**Your goal:** Using the entries that follow, write out the line containing "huu = Su * H * transpose_mat Su;", the line containing "(* Let $\mathbb", and every line between them, exactly and nothing else.

**Supplied data:**
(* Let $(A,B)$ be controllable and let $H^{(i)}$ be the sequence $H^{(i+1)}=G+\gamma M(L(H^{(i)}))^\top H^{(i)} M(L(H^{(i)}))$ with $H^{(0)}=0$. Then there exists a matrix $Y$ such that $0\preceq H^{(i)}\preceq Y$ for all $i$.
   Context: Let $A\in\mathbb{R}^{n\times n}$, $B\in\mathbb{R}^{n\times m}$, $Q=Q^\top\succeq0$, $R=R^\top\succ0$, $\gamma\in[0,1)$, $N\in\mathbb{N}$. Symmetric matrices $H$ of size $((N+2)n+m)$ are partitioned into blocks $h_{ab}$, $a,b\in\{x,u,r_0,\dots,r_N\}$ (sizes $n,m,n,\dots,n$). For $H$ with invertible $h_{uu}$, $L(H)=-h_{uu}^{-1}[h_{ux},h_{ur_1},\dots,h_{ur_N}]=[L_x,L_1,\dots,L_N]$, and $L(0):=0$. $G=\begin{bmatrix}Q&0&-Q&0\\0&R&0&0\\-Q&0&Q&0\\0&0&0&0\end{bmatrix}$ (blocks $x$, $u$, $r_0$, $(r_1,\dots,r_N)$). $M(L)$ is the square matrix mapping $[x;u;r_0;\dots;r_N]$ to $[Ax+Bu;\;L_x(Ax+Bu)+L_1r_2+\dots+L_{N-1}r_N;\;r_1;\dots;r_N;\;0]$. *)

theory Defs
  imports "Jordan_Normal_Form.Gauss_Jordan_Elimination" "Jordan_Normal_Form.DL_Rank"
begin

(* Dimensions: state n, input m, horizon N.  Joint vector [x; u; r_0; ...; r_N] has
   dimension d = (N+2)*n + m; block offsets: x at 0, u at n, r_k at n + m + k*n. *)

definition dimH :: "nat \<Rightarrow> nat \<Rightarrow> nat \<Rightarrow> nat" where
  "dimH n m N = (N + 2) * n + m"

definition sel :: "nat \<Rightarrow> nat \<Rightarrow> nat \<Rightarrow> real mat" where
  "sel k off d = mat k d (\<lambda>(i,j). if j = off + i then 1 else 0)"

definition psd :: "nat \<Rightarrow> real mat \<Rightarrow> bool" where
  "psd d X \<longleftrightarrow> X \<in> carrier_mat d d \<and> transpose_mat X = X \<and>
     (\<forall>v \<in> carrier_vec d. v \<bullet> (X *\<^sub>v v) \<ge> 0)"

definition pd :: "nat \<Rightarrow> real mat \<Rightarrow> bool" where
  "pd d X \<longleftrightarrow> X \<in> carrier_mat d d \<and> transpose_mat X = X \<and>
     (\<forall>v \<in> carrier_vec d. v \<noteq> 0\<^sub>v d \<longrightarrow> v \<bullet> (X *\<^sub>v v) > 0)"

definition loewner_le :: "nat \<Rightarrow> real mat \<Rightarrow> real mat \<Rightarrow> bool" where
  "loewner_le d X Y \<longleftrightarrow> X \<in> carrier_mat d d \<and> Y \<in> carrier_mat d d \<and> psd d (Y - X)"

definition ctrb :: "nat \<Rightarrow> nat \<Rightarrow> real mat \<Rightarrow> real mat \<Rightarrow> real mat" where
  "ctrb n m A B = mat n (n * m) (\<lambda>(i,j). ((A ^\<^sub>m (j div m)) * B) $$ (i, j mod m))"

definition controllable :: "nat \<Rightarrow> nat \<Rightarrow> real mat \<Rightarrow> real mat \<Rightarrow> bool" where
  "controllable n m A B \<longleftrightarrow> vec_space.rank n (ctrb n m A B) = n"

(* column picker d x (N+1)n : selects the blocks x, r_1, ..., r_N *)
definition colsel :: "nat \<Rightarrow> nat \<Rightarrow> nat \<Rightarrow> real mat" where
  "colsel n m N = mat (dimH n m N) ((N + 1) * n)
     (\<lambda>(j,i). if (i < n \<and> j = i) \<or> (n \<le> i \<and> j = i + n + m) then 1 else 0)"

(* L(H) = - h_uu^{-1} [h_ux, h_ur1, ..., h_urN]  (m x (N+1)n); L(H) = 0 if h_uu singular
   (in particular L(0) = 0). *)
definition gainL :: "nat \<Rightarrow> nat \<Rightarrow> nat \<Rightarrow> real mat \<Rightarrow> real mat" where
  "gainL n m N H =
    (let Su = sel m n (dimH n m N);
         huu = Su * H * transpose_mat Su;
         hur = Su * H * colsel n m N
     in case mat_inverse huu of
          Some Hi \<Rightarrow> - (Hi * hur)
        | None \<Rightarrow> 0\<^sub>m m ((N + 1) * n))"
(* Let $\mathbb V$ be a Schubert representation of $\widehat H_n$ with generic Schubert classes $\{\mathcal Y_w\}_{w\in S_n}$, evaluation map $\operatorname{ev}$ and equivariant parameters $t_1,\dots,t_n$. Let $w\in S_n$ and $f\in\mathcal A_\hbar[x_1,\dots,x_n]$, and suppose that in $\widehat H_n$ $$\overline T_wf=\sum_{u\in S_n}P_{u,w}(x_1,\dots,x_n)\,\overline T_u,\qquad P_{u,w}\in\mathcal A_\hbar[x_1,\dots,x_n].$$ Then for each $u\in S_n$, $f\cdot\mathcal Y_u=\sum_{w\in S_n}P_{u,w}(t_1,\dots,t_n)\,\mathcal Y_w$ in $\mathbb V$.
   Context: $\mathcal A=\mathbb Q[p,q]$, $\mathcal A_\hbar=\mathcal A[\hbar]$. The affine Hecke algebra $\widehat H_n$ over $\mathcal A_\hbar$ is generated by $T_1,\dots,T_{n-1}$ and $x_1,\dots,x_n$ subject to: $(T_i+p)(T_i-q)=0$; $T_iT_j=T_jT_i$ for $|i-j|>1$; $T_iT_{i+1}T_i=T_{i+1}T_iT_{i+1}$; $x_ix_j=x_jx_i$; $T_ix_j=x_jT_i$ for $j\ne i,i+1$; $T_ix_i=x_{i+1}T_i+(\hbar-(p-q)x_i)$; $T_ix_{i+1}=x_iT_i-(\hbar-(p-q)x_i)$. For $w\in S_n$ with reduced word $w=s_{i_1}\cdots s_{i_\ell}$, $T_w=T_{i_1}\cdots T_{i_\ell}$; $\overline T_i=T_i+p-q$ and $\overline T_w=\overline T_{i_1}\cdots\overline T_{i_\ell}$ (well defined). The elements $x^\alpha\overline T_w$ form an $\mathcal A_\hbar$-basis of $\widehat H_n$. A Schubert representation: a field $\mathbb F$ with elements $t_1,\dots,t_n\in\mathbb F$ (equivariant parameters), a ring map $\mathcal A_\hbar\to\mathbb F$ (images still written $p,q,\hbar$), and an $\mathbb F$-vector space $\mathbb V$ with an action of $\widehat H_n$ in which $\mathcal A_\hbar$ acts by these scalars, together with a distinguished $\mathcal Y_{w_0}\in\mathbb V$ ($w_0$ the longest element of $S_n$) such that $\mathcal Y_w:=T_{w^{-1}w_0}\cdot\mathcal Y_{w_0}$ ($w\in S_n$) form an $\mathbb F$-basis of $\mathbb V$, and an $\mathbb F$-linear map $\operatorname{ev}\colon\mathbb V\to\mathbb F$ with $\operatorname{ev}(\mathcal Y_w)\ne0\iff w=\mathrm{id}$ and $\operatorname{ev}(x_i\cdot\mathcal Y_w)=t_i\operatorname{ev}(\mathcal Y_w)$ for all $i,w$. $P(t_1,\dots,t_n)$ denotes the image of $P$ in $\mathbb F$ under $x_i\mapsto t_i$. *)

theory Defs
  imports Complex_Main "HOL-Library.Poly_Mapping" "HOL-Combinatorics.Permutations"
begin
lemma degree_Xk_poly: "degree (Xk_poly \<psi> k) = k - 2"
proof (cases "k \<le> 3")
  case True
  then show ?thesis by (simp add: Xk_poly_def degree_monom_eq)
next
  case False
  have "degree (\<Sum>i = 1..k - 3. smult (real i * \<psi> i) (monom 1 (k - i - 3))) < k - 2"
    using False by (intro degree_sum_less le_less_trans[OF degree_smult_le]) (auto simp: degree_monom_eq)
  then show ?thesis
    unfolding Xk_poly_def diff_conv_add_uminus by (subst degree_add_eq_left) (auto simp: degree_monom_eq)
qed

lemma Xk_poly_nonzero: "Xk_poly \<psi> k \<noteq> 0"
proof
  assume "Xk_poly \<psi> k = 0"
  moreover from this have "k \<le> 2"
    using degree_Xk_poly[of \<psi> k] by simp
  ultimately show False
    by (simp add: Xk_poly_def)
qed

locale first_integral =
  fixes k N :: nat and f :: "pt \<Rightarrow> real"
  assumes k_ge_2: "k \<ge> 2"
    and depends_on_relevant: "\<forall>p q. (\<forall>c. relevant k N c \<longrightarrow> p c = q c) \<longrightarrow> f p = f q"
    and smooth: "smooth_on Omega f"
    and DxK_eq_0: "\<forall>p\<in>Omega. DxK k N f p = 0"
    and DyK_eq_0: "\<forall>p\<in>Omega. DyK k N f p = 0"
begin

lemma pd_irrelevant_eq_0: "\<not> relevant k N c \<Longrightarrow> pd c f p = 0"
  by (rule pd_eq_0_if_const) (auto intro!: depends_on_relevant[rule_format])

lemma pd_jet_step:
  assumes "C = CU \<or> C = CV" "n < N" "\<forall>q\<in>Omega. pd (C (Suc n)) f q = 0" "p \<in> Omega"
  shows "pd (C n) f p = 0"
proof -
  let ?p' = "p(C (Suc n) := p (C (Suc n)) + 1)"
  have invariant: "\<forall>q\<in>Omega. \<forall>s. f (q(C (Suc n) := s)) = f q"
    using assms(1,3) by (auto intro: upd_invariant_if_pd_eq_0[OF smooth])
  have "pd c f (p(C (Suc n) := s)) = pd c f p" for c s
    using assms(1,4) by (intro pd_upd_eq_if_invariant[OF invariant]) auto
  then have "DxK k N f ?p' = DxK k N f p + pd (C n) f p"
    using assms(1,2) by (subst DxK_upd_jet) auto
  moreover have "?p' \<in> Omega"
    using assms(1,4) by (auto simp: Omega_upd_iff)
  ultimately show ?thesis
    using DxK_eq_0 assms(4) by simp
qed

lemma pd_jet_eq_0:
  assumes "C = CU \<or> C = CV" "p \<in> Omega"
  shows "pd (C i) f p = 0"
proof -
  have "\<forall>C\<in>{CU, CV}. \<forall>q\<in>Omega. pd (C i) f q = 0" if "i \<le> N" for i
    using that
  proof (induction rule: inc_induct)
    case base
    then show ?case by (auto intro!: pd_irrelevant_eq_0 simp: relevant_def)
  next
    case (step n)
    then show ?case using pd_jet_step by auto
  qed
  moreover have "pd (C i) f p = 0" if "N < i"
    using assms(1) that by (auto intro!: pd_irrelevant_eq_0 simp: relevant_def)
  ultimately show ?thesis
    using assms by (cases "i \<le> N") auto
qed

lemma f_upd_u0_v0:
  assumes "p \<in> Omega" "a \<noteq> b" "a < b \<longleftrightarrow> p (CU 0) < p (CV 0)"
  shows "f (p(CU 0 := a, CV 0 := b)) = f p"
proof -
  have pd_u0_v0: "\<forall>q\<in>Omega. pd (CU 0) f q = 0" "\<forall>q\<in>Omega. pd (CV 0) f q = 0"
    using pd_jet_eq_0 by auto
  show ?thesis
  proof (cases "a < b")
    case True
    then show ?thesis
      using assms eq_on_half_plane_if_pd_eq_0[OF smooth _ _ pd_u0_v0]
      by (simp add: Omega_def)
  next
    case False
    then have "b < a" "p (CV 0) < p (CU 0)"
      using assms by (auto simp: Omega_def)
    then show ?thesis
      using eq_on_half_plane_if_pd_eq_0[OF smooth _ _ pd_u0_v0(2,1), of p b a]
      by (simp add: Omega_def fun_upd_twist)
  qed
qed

**Result of the task:**
         huu = Su * H * transpose_mat Su;
         hur = Su * H * colsel n m N
     in case mat_inverse huu of
          Some Hi \<Rightarrow> - (Hi * hur)
        | None \<Rightarrow> 0\<^sub>m m ((N + 1) * n))"
(* Let $\mathbb V$ be a Schubert representation of $\widehat H_n$ with generic Schubert classes $\{\mathcal Y_w\}_{w\in S_n}$, evaluation map $\operatorname{ev}$ and equivariant parameters $t_1,\dots,t_n$. Let $w\in S_n$ and $f\in\mathcal A_\hbar[x_1,\dots,x_n]$, and suppose that in $\widehat H_n$ $$\overline T_wf=\sum_{u\in S_n}P_{u,w}(x_1,\dots,x_n)\,\overline T_u,\qquad P_{u,w}\in\mathcal A_\hbar[x_1,\dots,x_n].$$ Then for each $u\in S_n$, $f\cdot\mathcal Y_u=\sum_{w\in S_n}P_{u,w}(t_1,\dots,t_n)\,\mathcal Y_w$ in $\mathbb V$.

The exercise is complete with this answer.